**Data provided**:
(* Let $a>0$. For $\varphi\in H^1(\mathbb R^3,\mathbb C^2)$ for which $\frac{|\bm\sigma\cdot\nabla\varphi|^2}{1-|\varphi|^2}$ is integrable, define $$\mathcal F(\varphi)=\int_{\mathbb R^3}\frac{|\bm\sigma\cdot\nabla\varphi|^2}{1-|\varphi|^2}\,dx-\frac a2\int_{\mathbb R^3}|\varphi|^4\,dx.$$ In the integrand the convention $0/0=0$ is used, and the denominator $1-|\varphi|^2$ is allowed to be negative. Then $\mathcal F$ is unbounded from below on the set of such $\varphi$ with $\int_{\mathbb R^3}|\varphi|^2\,dx=1$. More precisely, there exist compactly supported such $\varphi_n$ of the form $\varphi_n=(u_n,0)^T$ with $u_n$ real valued and radial, $\int|\varphi_n|^2\,dx=1$, and $\mathcal F(\varphi_n)\to-\infty$.
   Context: The Pauli matrices are $\sigma_1=\begin{pmatrix}0&1\\1&0\end{pmatrix}$, $\sigma_2=\begin{pmatrix}0&-i\\i&0\end{pmatrix}$ and $\sigma_3=\begin{pmatrix}1&0\\0&-1\end{pmatrix}$. For $\varphi:\mathbb R^3\to\mathbb C^2$ we write $\bm\sigma\cdot\nabla\varphi=\sum_{k=1}^3\sigma_k\partial_k\varphi$. *)

theory Defs
  imports "HOL-Analysis.Analysis"
begin

fun iter_partial :: "3 list \<Rightarrow> (real^3 \<Rightarrow> real) \<Rightarrow> real^3 \<Rightarrow> real" where
  "iter_partial [] f = f"
| "iter_partial (k # ks) f = (\<lambda>x. frechet_derivative (iter_partial ks f) (at x) (axis k 1))"

definition smooth_fun :: "(real^3 \<Rightarrow> real) \<Rightarrow> bool" where
  "smooth_fun f \<longleftrightarrow> (\<forall>ks x. iter_partial ks f differentiable (at x))"

definition test_function :: "(real^3 \<Rightarrow> real) \<Rightarrow> bool" where
  "test_function \<psi> \<longleftrightarrow> smooth_fun \<psi> \<and> (\<exists>R. \<forall>x. norm x > R \<longrightarrow> \<psi> x = 0)"

definition weak_partial :: "3 \<Rightarrow> (real^3 \<Rightarrow> complex^2) \<Rightarrow> (real^3 \<Rightarrow> complex^2) \<Rightarrow> bool" where
  "weak_partial k f g \<longleftrightarrow>
     (\<forall>\<psi>. test_function \<psi> \<longrightarrow>
        (\<integral>x. frechet_derivative \<psi> (at x) (axis k 1) *\<^sub>R f x \<partial>lborel)
        = - (\<integral>x. \<psi> x *\<^sub>R g x \<partial>lborel))"

definition L2 :: "(real^3 \<Rightarrow> complex^2) \<Rightarrow> bool" where
  "L2 f \<longleftrightarrow> f \<in> borel_measurable lborel \<and> integrable lborel (\<lambda>x. norm (f x) ^ 2)"

definition H1_with_grad :: "(real^3 \<Rightarrow> complex^2) \<Rightarrow> (3 \<Rightarrow> real^3 \<Rightarrow> complex^2) \<Rightarrow> bool" where
  "H1_with_grad \<phi> D \<longleftrightarrow> L2 \<phi> \<and> (\<forall>k. L2 (D k) \<and> weak_partial k \<phi> (D k))"

definition pauli :: "3 \<Rightarrow> complex^2^2" where
  "pauli k = (if k = 1 then vector [vector [0, 1], vector [1, 0]]
              else if k = 2 then vector [vector [0, - \<i>], vector [\<i>, 0]]
              else vector [vector [1, 0], vector [0, -1]])"

definition sigma_grad :: "(3 \<Rightarrow> real^3 \<Rightarrow> complex^2) \<Rightarrow> real^3 \<Rightarrow> complex^2" where
  "sigma_grad D x = (\<Sum>k\<in>UNIV. pauli k *v D k x)"

text \<open>Admissible: phi in H^1 and |sigma.grad phi|^2/(1-|phi|^2) integrable (with 0/0 = 0;
  a nonzero numerator over a zero denominator on a set of positive measure is excluded).\<close>
definition admissible :: "(real^3 \<Rightarrow> complex^2) \<Rightarrow> (3 \<Rightarrow> real^3 \<Rightarrow> complex^2) \<Rightarrow> bool" where
  "admissible \<phi> D \<longleftrightarrow> H1_with_grad \<phi> D
     \<and> (AE x in lborel. norm (\<phi> x) = 1 \<longrightarrow> sigma_grad D x = 0)
     \<and> integrable lborel (\<lambda>x. norm (sigma_grad D x) ^ 2 / (1 - norm (\<phi> x) ^ 2))"

definition Ffun :: "real \<Rightarrow> (real^3 \<Rightarrow> complex^2) \<Rightarrow> (3 \<Rightarrow> real^3 \<Rightarrow> complex^2) \<Rightarrow> real" where
  "Ffun a \<phi> D = (\<integral>x. norm (sigma_grad D x) ^ 2 / (1 - norm (\<phi> x) ^ 2) \<partial>lborel)
                 - a / 2 * (\<integral>x. norm (\<phi> x) ^ 4 \<partial>lborel)"

end

theory Submission
  imports Defs
begin

(* We use spin-up trial states phi_n(x) = W_n(lambda_n^2 |x|^2) e_1,
   where the profile W_n(t) = 1 + (rho_n(t) - 1)^3 is built from the C^1 bumps
   rho_n(t) = 8 (1 - t)_+^2 + n (1/2 - t)_+^2.  The cube makes W_n - 1 vanish to third order
   where |phi_n| = 1, so the kinetic integrand W_n'^2 / (1 - W_n^2) = -9 (rho - 1) rho'^2 / (2 + (rho - 1)^3)
   is bounded (and nonpositive where |phi_n| > 1) uniformly in n, whereas the quartic term of
   the normalised state grows at least linearly in n. *)

text \<open>General facts about integrals over \<open>\<real>\<^sup>n\<close>.\<close>

lemma integrable_continuous_compact_support:
  fixes f :: "'a::euclidean_space \<Rightarrow> real"
  assumes "continuous_on UNIV f" and "\<And>x. norm x > R \<Longrightarrow> f x = 0"
  shows "integrable lborel f"
proof -
  have "integrable lborel (\<lambda>x. indicator (cball 0 R) x *\<^sub>R f x)"
    by (rule borel_integrable_compact) (auto intro: continuous_on_subset[OF assms(1)])
  moreover have "(\<lambda>x. indicator (cball 0 R) x *\<^sub>R f x) = f"
    using assms(2) by (auto simp: indicator_def fun_eq_iff not_le)
  ultimately show ?thesis by simp
qed

lemma bounded_continuous_compact_support:
  fixes f :: "'a::euclidean_space \<Rightarrow> real"
  assumes "continuous_on UNIV f" and "\<And>x. norm x > R \<Longrightarrow> f x = 0"
  obtains M where "\<And>x. \<bar>f x\<bar> \<le> M"
proof -
  have "bounded (f ` cball 0 R)"
    by (intro compact_imp_bounded compact_continuous_image continuous_on_subset[OF assms(1)]) auto
  then obtain B where "\<forall>y\<in>f ` cball 0 R. norm y \<le> B"
    unfolding bounded_iff by blast
  then have B: "\<And>x. x \<in> cball 0 R \<Longrightarrow> \<bar>f x\<bar> \<le> B" by auto
  have "\<bar>f x\<bar> \<le> max B 0" for x
    using B[of x] assms(2)[of x] by (cases "norm x \<le> R") auto
  then show ?thesis by (rule that)
qed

**Problem statement**:
In the entries above, find each line with "imports" and copy it.

**Output of the exercise**:
  imports "HOL-Analysis.Analysis"
  imports Defs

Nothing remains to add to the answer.